That’s why we reached out to over 70 student-athletes at local universities to find out what they’re thinking. One Washington State track athlete admits “it’s a really emotional time because you have to let it all go, and it feels out of your control.”

In a USA Today article, Eastern Washington University athletic director Lynn Hickey asked, “How do we come up with the funds for the extra scholarships that we weren’t counting on? Quite honestly, I don’t know how we would pay for it. I’m being very honest and transparent. I don’t know.”

WSU announced this week that many of their seniors were interested in returning, and predicted “an additional $300,000 in athletic grant-in-aid costs for FY21.” We’ll get into what they’re doing to balance that cost later.

Before the decision by the NCAA to extend athlete’s eligibility clock, these major decisions created major slashes in revenue for the association:

  • March 12, 2020: NCAA President Mark Emmert cancels men’s and women’s basketball tournament (estimated revenue loss of $800 million)
  • March 27, 2020: NCAA announces a $375 million cut in funding for Division I programs (schools expected $600 million, will receive $225 million)

So, in the same year they’re getting paid significantly less, these institutions will be asked to support athletes that want another year.

Should they stay or should they go? Polling senior student-athletes

“I’m just so heartbroken, I don’t know what to do. Putting my life on hold for another year just feels so scary.”

Those words came from a University of Washington athlete who competes on one of this state’s most historically successful sports: women’s rowing. It’s likely five out of their six seniors will return for another year.

We’ve talked NCAA, we’ve talked money, but the focus of this article is the seniors. This is the kind of decision almost every single one of them face right now. Come back for another year to close out their career, or jump into the real world.

Their lives and identities are entwined with their sport and school. Years of practice, 5 a.m. wake up calls for conditioning or weightlifting, countless hours of travel steered them into their grand finale. Their last season to compete, their senior year. We all know what happened next.

“I was really lost. All of the sudden I didn’t have academics or athletics, I was just sitting in Seattle not knowing what to do.”

When the news of an extra year of eligibility was granted, we reached out to over 70 spring athletes at Washington State, Gonzaga, Eastern Washington, the University of Idaho, and the University of Washington.
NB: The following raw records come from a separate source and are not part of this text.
lemma colored_iso_graph_complexE:
  assumes "\<Union>Ed \<subseteq> V" and "colored_iso (graph_complex V Ed) c (graph_complex V' Ed') c'"
  obtains h where "inj_on h V" and "\<And>x y. {x, y} \<in> Ed \<Longrightarrow> x \<noteq> y \<Longrightarrow> {h x, h y} \<in> Ed'"
proof -
  obtain h where bij: "bij_betw h V (\<Union>(graph_complex V' Ed'))"
    and preserves:
      "\<And>\<sigma>. \<sigma> \<subseteq> V \<Longrightarrow> \<sigma> \<in> graph_complex V Ed \<Longrightarrow> h ` \<sigma> \<in> graph_complex V' Ed'"
    using assms(2) unfolding colored_iso_def Union_graph_complex[OF assms(1)]
    by (elim exE conjE) blast
  have inj: "inj_on h V"
    using bij by (rule bij_betw_imp_inj_on)
  have "{h x, h y} \<in> Ed'" if xy: "{x, y} \<in> Ed" "x \<noteq> y" for x y
  proof -
    have "{x, y} \<subseteq> V"
      using assms(1) xy(1) by blast
    with xy have "{h x, h y} \<in> graph_complex V' Ed'"
      using preserves[of "{x, y}"] unfolding graph_complex_def by simp
    moreover have "h x \<noteq> h y"
      using inj xy(2) \<open>{x, y} \<subseteq> V\<close> by (auto dest: inj_onD)
    ultimately show ?thesis
      unfolding graph_complex_def by (auto simp: doubleton_eq_iff)
  qed
  with inj show ?thesis
    by (rule that)
qed

locale triangle_free_graph =
  fixes V :: "nat set" and Ed :: "nat set set"
  assumes finite_vertices: "finite V"
    and card_edge: "e \<in> Ed \<Longrightarrow> card e = 2"
    and edge_subset: "e \<in> Ed \<Longrightarrow> e \<subseteq> V"
    and triangle_free:
      "\<lbrakk>{x, y} \<in> Ed; {y, z} \<in> Ed; {x, z} \<in> Ed; x \<noteq> y; y \<noteq> z; x \<noteq> z\<rbrakk> \<Longrightarrow> False"
begin

abbreviation K :: "nat set set" where
  "K \<equiv> graph_complex V Ed"

lemma finite_edges: "finite Ed"
  using finite_vertices by (intro finite_subset[of Ed "Pow V"]) (auto dest: edge_subset)

lemma edgeE:
  assumes "e \<in> Ed"
  obtains x y where "x \<noteq> y" "x \<in> V" "y \<in> V" "e = {x, y}"
  using card_edge[OF assms] edge_subset[OF assms] by (auto simp: card_2_iff)

lemma simplexE:
  assumes "\<sigma> \<in> K"
  obtains (vertex) v where "v \<in> V" "\<sigma> = {v}" | (edge) "\<sigma> \<in> Ed"
  using assms unfolding graph_complex_def by blast

lemma card_simplex: "\<sigma> \<in> K \<Longrightarrow> card \<sigma> = 1 \<or> card \<sigma> = 2"
  by (elim simplexE) (auto simp: card_edge)

lemma singleton_simplex_iff: "{v} \<in> K \<longleftrightarrow> v \<in> V"
  using card_edge[of "{v}"] unfolding graph_complex_def by auto

lemma edge_simplex: "e \<in> Ed \<Longrightarrow> e \<in> K"
  unfolding graph_complex_def by blast

lemma clique_complex_eq: "clique_complex V (\<lambda>x y. {x, y} \<in> Ed) = K"
proof (intro equalityI subsetI)
  fix \<sigma> assume "\<sigma> \<in> clique_complex V (\<lambda>x y. {x, y} \<in> Ed)"
  then have ne: "\<sigma> \<noteq> {}" and sub: "\<sigma> \<subseteq> V"
    and clique: "\<And>x y. x \<in> \<sigma> \<Longrightarrow> y \<in> \<sigma> \<Longrightarrow> x \<noteq> y \<Longrightarrow> {x, y} \<in> Ed"
    unfolding clique_complex_def by auto
  obtain x where x: "x \<in> \<sigma>"
    using ne by blast
  show "\<sigma> \<in> K"
  proof (cases "\<sigma> = {x}")
    case True
    then show ?thesis
      using x sub unfolding graph_complex_def by blast
  next
    case False
    then obtain y where y: "y \<in> \<sigma>" "y \<noteq> x"
      using x by blast
    have "\<sigma> = {x, y}"
    proof (rule ccontr)
      assume "\<sigma> \<noteq> {x, y}"
      then obtain z where "z \<in> \<sigma>" "z \<noteq> x" "z \<noteq> y"
        using x y by blast
      then show False
        using triangle_free[of x y z] clique x y by blast
    qed
    then show ?thesis
      using clique x y unfolding graph_complex_def by blast
  qed
next
  fix \<sigma> assume "\<sigma> \<in> K"
  then show "\<sigma> \<in> clique_complex V (\<lambda>x y. {x, y} \<in> Ed)"
  proof (cases rule: simplexE)
    case edge
    then obtain x y where "x \<noteq> y" "x \<in> V" "y \<in> V" "\<sigma> = {x, y}"
      by (rule edgeE)
    with edge show ?thesis
      unfolding clique_complex_def by (auto simp: insert_commute)
  qed (auto simp: clique_complex_def)
qed

lemma boundary_nbhd_vertex: "boundary_nbhd K {v} = {}"
  using card_simplex unfolding boundary_nbhd_def by fastforce

lemma boundary_nbhd_edge:
  assumes "{x, y} \<in> Ed" "x \<noteq> y"
  shows "boundary_nbhd K {x, y} = {{x}, {y}}"
proof -
  have "x \<in> V" "y \<in> V"
    using edge_subset[OF assms(1)] by auto
  then have "{{x}, {y}} \<subseteq> boundary_nbhd K {x, y}"
    using assms(2) unfolding boundary_nbhd_def by (auto simp: singleton_simplex_iff)
  moreover have "\<tau> \<in> {{x}, {y}}" if "\<tau> \<in> boundary_nbhd K {x, y}" for \<tau>
  proof -
    have "\<tau> \<subseteq> {x, y}" "card \<tau> = 1"
      using that assms(2) unfolding boundary_nbhd_def by auto
    then show ?thesis
      by (auto simp: card_1_singleton_iff)
  qed
  ultimately show ?thesis
    by blast
qed

lemma upper_nbhd_edge:
  assumes "e \<in> Ed"
  shows "upper_nbhd K e = {}"
proof -
  have "card \<delta> \<noteq> 3" if "\<delta> \<in> K" for \<delta>
    using card_simplex[OF that] by auto
  then show ?thesis
    using card_edge[OF assms] unfolding upper_nbhd_def by auto
qed

lemma upper_nbhd_vertex:
  assumes "v \<in> V"
  shows "upper_nbhd K {v} =
    (\<lambda>u. ({v}, {v, u})) ` neighbours Ed v \<union> (\<lambda>u. ({u}, {v, u})) ` neighbours Ed v"
    (is "_ = ?A \<union> ?B")
proof (intro equalityI subsetI)
  fix p assume p: "p \<in> upper_nbhd K {v}"
  then obtain \<sigma> \<delta> where p_eq: "p = (\<sigma>, \<delta>)" and "\<sigma> \<in> K" "\<delta> \<in> K" "card \<sigma> = 1"
    and "v \<in> \<delta>" "\<sigma> \<subseteq> \<delta>" "card \<delta> = 2"
    unfolding upper_nbhd_def by auto
  moreover have "\<exists>u. \<delta> = {v, u}"
    using \<open>card \<delta> = 2\<close> \<open>v \<in> \<delta>\<close> by (auto simp: card_2_iff)
  moreover have "\<exists>w. \<sigma> = {w}"
    using \<open>card \<sigma> = 1\<close> by (simp add: card_1_singleton_iff)
  moreover have "\<delta> \<in> Ed"
    using \<open>\<delta> \<in> K\<close> \<open>card \<delta> = 2\<close> by (auto elim: simplexE)
  ultimately show "p \<in> ?A \<union> ?B"
    using p_eq unfolding neighbours_def by auto
next
  fix p assume "p \<in> ?A \<union> ?B"
  then obtain u where u: "{v, u} \<in> Ed" and p: "p = ({v}, {v, u}) \<or> p = ({u}, {v, u})"
    unfolding neighbours_def by auto
  have "u \<noteq> v" "u \<in> V"
    using card_edge[OF u] edge_subset[OF u] by auto
  with u p assms show "p \<in> upper_nbhd K {v}"
    unfolding upper_nbhd_def graph_complex_def by auto
qed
I asked track and field athletes, baseball, softball, golf and tennis players, along with UW women’s rowing whether they’d come back for another season. We promised anonymity.

Some schools have told seniors their scholarships are guaranteed    next year, others haven’t.

What I found the most interesting was how quickly certain schools told their seniors their scholarships would be guaranteed if they decided to return. Athletes from just two out of five universities could confirm they would have that support as of April 11. As you can imagine, student-athletes competing for the wealthier schools were told within the week of the news. Especially for sports like baseball and softball.

Around the country, schools like the University of Wisconsin and Maine have both made it public they will not provide financial assistance for seniors that want to return, but they will still honor the extra year of eligibility. Ivy League schools will not allow spring sport athletes to compete for an additional year, because they’ve never allowed graduates to play sports.


Two baseball players from one school we polled said their return to college depends on the MLB draft, how many rounds there are, and if they are chosen. If they’re not chosen, they all plan on returning for another season. As of April 11, none of those three players had heard from their athletic department about whether they’d get financial assistance.

One player from a different university confirmed he would come back for another season, saying, “Money is a factor, though I have enough trust in our school and coaches to make the right decision in regards to scholarships.”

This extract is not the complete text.